In recent years, the field of AI has made progress not by deepening our understanding of intelligence, but by finding ways to “grow” AIs. Attempts to understand intelligence itself met with years of dead ends and stagnation. Now that growing powerful AIs has met with success, some people wonder whether the idea of “understanding intelligence” is just a mirage.

Perhaps there are no general principles to understand? Or perhaps the principles are too weird or too complicated for humans to ever comprehend?

At the same time, others feel that there must be something special and mystical about the human mind, something too sacred to ever be reduced to dry equations. And since intelligence isn’t already understood, perhaps true intelligence comes from this ineffable part of the human spirit.

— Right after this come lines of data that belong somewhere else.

(* Let $(M,\phi,\xi,\eta,g)$ be a $(2n+1)$-dimensional Kenmotsu manifold which has cyclic Ricci tensor, i.e. $(\nabla_XS)(Y,Z)+(\nabla_YS)(Z,X)+(\nabla_ZS)(X,Y)=0$ for all vector fields $X,Y,Z$, and whose metric $g$ is a conformal $\eta$-Einstein soliton, i.e. $$(\mathcal{L}_\xi g)(X,Y)+2S(X,Y)+\Big[2\lambda-r+\Big(p+\frac{2}{2n+1}\Big)\Big]g(X,Y)+2\mu\,\eta(X)\eta(Y)=0$$ for all vector fields $X,Y$ on $M$, where $\lambda,\mu$ are real constants. Then the scalar curvature is $r=\big(p+\frac{2}{2n+1}\big)-4n+2\lambda+2$.
   Context: An almost contact metric manifold $(M,\phi,\xi,\eta,g)$ of dimension $2n+1$ consists of a $(1,1)$-tensor field $\phi$, a vector field $\xi$, a 1-form $\eta$ and a Riemannian metric $g$ with $\phi^2X=-X+\eta(X)\xi$, $\eta(\xi)=1$, $\eta\circ\phi=0$, $\phi\xi=0$, $g(\phi X,\phi Y)=g(X,Y)-\eta(X)\eta(Y)$, $g(X,\xi)=\eta(X)$. It is a Kenmotsu manifold if, with $\nabla$ the Levi-Civita connection of $g$, $(\nabla_X\phi)Y=-g(X,\phi Y)\xi-\eta(Y)\phi X$ and $\nabla_X\xi=X-\eta(X)\xi$ for all vector fields $X,Y$. $S$ denotes the Ricci tensor, $r$ the scalar curvature of $g$, $\mathcal{L}_\xi$ the Lie derivative along $\xi$, and $p$ is a scalar non-dynamical field (a time-dependent scalar field). *)

theory Defs
  imports "HOL-Analysis.Analysis"
begin

text \<open>Local-coordinate model of a Riemannian manifold: an open set U of real^'n
  (a coordinate chart), points x, vector fields real^'n => real^'n, and tensor fields
  given by their component matrices.\<close>

definition pd :: "'n::finite \<Rightarrow> (real^'n \<Rightarrow> real) \<Rightarrow> real^'n \<Rightarrow> real" where
  "pd k f x = frechet_derivative f (at x) (axis k 1)"

fun iter_pd :: "'n::finite list \<Rightarrow> (real^'n \<Rightarrow> real) \<Rightarrow> real^'n \<Rightarrow> real" where
  "iter_pd [] f = f"
| "iter_pd (k # ks) f = pd k (iter_pd ks f)"

definition smooth_fun :: "(real^'n::finite) set \<Rightarrow> (real^'n \<Rightarrow> real) \<Rightarrow> bool" where
  "smooth_fun U f \<longleftrightarrow> (\<forall>ks. iter_pd ks f differentiable_on U)"
text \<open>Whichever of two points with distant images lies farther from p will do.\<close>
lemma sensitive_with_far_point:
  assumes "sensitive_with X dist f \<delta> N" "N < m" "a \<in> X" "0 < \<epsilon>"
  obtains z where "z \<in> X" "dist a z < \<epsilon>" "\<delta> / 2 < dist p ((f ^^ m) z)"
proof -
  obtain x y where xy: "x \<in> X" "dist a x < \<epsilon>" "y \<in> X" "dist a y < \<epsilon>"
      "\<delta> < dist ((f ^^ m) x) ((f ^^ m) y)"
    using sensitive_withD[OF assms(1) D_open_ball[OF assms(3)] _ assms(2), of \<epsilon>] assms(3,4)
    by force
  have "dist ((f ^^ m) x) ((f ^^ m) y) \<le> dist p ((f ^^ m) x) + dist p ((f ^^ m) y)"
    by (rule dist_triangle3)
  then have "\<delta> / 2 < dist p ((f ^^ m) x) \<or> \<delta> / 2 < dist p ((f ^^ m) y)"
    using xy(5) by linarith
  then show ?thesis
    using that xy by blast
qed

lemma Fnf_funpow: "(Fnf f ^^ m) A = (f ^^ m) ` A"
  by (induction m arbitrary: A) (auto simp: Fnf_def image_comp)

lemma FnD: "A \<in> Fn n X \<Longrightarrow> finite A \<and> A \<noteq> {} \<and> A \<subseteq> X \<and> card A \<le> n"
  by (simp add: Fn_def)

lemma D_openD:
  assumes "D_open Z D U" "x \<in> U"
  obtains e where "0 < e" "\<And>y. y \<in> Z \<Longrightarrow> D x y < e \<Longrightarrow> y \<in> U"
  using assms unfolding D_open_def by blast

lemma Fn_image_near:
  assumes "A \<in> Fn n X" "\<forall>a\<in>A. g a \<in> X \<and> dist a (g a) < \<epsilon>"
  shows "g ` A \<in> Fn n X" "dH A (g ` A) < \<epsilon>"
proof -
  have A: "finite A" "A \<noteq> {}" "A \<subseteq> X" "card A \<le> n"
    using FnD[OF assms(1)] by auto
  then show "g ` A \<in> Fn n X"
    using assms(2) card_image_le[of A g] by (auto simp: Fn_def)
  show "dH A (g ` A) < \<epsilon>"
    using A assms(2) by (intro dH_less) auto
qed

lemma sensitive_with_Fn:
  assumes "sensitive_with X dist f \<delta> N"
  shows "sensitive_with (Fn n X) dH (Fnf f) (\<delta> / 2) N"
  unfolding sensitive_with_def
proof (intro allI impI)
  fix U m assume U: "D_open (Fn n X) dH U \<and> U \<noteq> {}" and "N < m"
  obtain A where "A \<in> U" using U by blast
  obtain \<epsilon> where "0 < \<epsilon>" and \<epsilon>: "\<And>B. B \<in> Fn n X \<Longrightarrow> dH A B < \<epsilon> \<Longrightarrow> B \<in> U"
    by (rule D_openD[OF conjunct1[OF U] \<open>A \<in> U\<close>]) blast
  have A: "A \<in> Fn n X" "finite A" "A \<noteq> {}" "A \<subseteq> X"
    using U \<open>A \<in> U\<close> FnD by (auto simp: D_open_def)
  then obtain a0 where "a0 \<in> A" by blast
  define p where "p = (f ^^ m) a0"
  have "\<forall>a\<in>A. \<exists>z. z \<in> X \<and> dist a z < \<epsilon> \<and> \<delta> / 2 < dist p ((f ^^ m) z)"
  proof
    fix a assume "a \<in> A"
    then have "a \<in> X" using A(4) by blast
    then show "\<exists>z. z \<in> X \<and> dist a z < \<epsilon> \<and> \<delta> / 2 < dist p ((f ^^ m) z)"
      by (meson sensitive_with_far_point[OF assms \<open>N < m\<close> _ \<open>0 < \<epsilon>\<close>])
  qed
  then obtain z where z: "\<forall>a\<in>A. z a \<in> X \<and> dist a (z a) < \<epsilon> \<and> \<delta> / 2 < dist p ((f ^^ m) (z a))"
    by metis
  then have B: "z ` A \<in> Fn n X" "z ` A \<in> U"
    using Fn_image_near[OF A(1)] \<epsilon> by blast+
  have "\<delta> / 2 < dH ((f ^^ m) ` A) ((f ^^ m) ` z ` A)"
    using A B(1) \<open>a0 \<in> A\<close> z FnD by (intro dH_greaterI[of _ _ p]) (auto simp: p_def)
  then show "\<exists>x\<in>U. \<exists>y\<in>U. \<delta> / 2 < dH ((Fnf f ^^ m) x) ((Fnf f ^^ m) y)"
    using \<open>A \<in> U\<close> B(2) by (auto simp: Fnf_funpow)
qed
lemma fps_nth_tasep_det_fps_0:
  assumes "sorted_wrt (<) z" "z \<noteq> []"
  shows "fps_nth (tasep_det_fps a z) 0 = of_bool (a \<le> z ! 0)"
proof -
  define B where "B j k = F_coeff (int k - int j + 1) (a - z ! j + int k) 0" for j k
  have "fps_nth (tasep_det_fps a z) 0 = eval_fps (tasep_det_fps a z) 0"
    by (simp add: eval_fps_at_0)
  also have "\<dots> = leibniz_det (length z) (\<lambda>j k. eval_fps (tasep_entry_fps a z j k) 0)"
    by (simp add: tasep_det_fps_def eval_fps_leibniz_det[OF fps_conv_radius_tasep_entry_fps])
  also have "(\<lambda>j k. eval_fps (tasep_entry_fps a z j k) 0) = B"
    by (intro ext) (simp add: eval_fps_at_0 tasep_entry_fps_def F_fps_def B_def)
  finally have det_B: "fps_nth (tasep_det_fps a z) 0 = leibniz_det (length z) B" .
  show ?thesis
  proof (cases "a \<le> z ! 0")
    case False
    then have "leibniz_det (length z) B = 0"
      using assms(2) by (intro leibniz_det_zero_row[of 0]) (auto simp: B_def F_coeff_at_0)
    with False det_B show ?thesis by simp
  next
    case True
    have "B i j = 0" if "j < i" "i < length z" for i j
    proof -
      have "z ! 0 + int i \<le> z ! i" using sorted_wrt_less_nth_ge[OF assms(1) that(2)] .
      then have "pochhammer (of_int (int j - int i + 1) :: real) (nat (z ! i - a - int j)) = 0"
        using True that by (subst pochhammer_eq_0_iff) (auto intro!: exI[of _ "i - j - 1"])
      with True \<open>z ! 0 + int i \<le> z ! i\<close> that show ?thesis
        by (simp add: B_def F_coeff_at_0)
    qed
    moreover have "B i i = 1" if "i < length z" for i
      using True sorted_wrt_less_nth_ge[OF assms(1) that]
      by (simp add: B_def F_coeff_at_0 pochhammer_fact[symmetric])
    ultimately have "leibniz_det (length z) B = 1"
      by (rule leibniz_det_upper_unitriangular)
    with True det_B show ?thesis by simp
  qed
qed

theorem corollary2:
  fixes N :: nat and y :: "int list" and M :: int and t :: real
  assumes "N \<ge> 1" and "length y = N" and "sorted_wrt (<) y" and "t \<ge> 0"
  shows "((\<lambda>x. tasep_P x t y) has_sum
           det (mat N N (\<lambda>(j, k). F (int k - int j + 1) (y ! 0 - y ! j + M + int k) t)))
         {x. length x = N \<and> sorted_wrt (<) x \<and> x ! 0 \<ge> y ! 0 + M}"
proof -
  define a where "a = y ! 0 + M"
  let ?C = "{z. length z = N \<and> sorted_wrt (<) z}"
  let ?S = "{x. length x = N \<and> sorted_wrt (<) x \<and> x ! 0 \<ge> y ! 0 + M}"
  let ?G = "tasep_det_fps a"
  have "((\<lambda>x. Qpow n y x) has_sum (fact n * fps_nth (?G y) n)) ?S" for n
  proof (rule Qpow_has_sum_backward_solution[where C = ?C])
    show "fps_nth (?G z) 0 = of_bool (z \<in> ?S)" if "z \<in> ?C" for z
    proof -
      from that assms(1) have "z \<noteq> []" by auto
      with that show ?thesis by (simp add: fps_nth_tasep_det_fps_0 a_def)
    qed
  qed (use assms in \<open>auto simp: sorted_wrt_jump tasep_det_fps_backward_equation\<close>)
  moreover have "(\<lambda>n. t ^ n / fact n * (fact n * fps_nth (?G y) n)) sums eval_fps (?G y) t"
    using sums_eval_fps[of t "?G y"] by (simp add: fps_conv_radius_tasep_det_fps mult.commute)
  ultimately have "((\<lambda>x. tasep_P x t y) has_sum eval_fps (?G y) t) ?S"
    by (rule tasep_P_has_sum)
  also have "eval_fps (?G y) t = det (mat N N (\<lambda>(j, k). F (int k - int j + 1) (y ! 0 - y ! j + M + int k) t))"
    by (simp add: eval_tasep_det_fps det_mat_eq_leibniz_det a_def assms(2) algebra_simps)
  finally show ?thesis .
qed

end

Our own view is rather more boring than that. Intelligence is a natural phenomenon, like any other. And like many phenomena in biology, psychology, and other sciences, we’re still early into our attempts to understand it.

Many of the basic tools and concepts of modern psychology and neuroscience have only existed for a few decades. It may sound humble to say, “Science has its limits, and this is perhaps one of them.” But imagine instead telling someone that you think scientists a million years from now won’t understand much about intelligence beyond what we know in 2025. In those terms, the claim that intelligence is ineffable sounds more arrogant than the alternative.

The main reason we care about this question — “Is intelligence understandable?” — is that it bears on whether humanity could someday build a superintelligence without threatening our survival. We’ll argue, in Chapter 11, that AI today looks more like alchemy than like chemistry. But is it even possible for there to be a “chemistry” of AI?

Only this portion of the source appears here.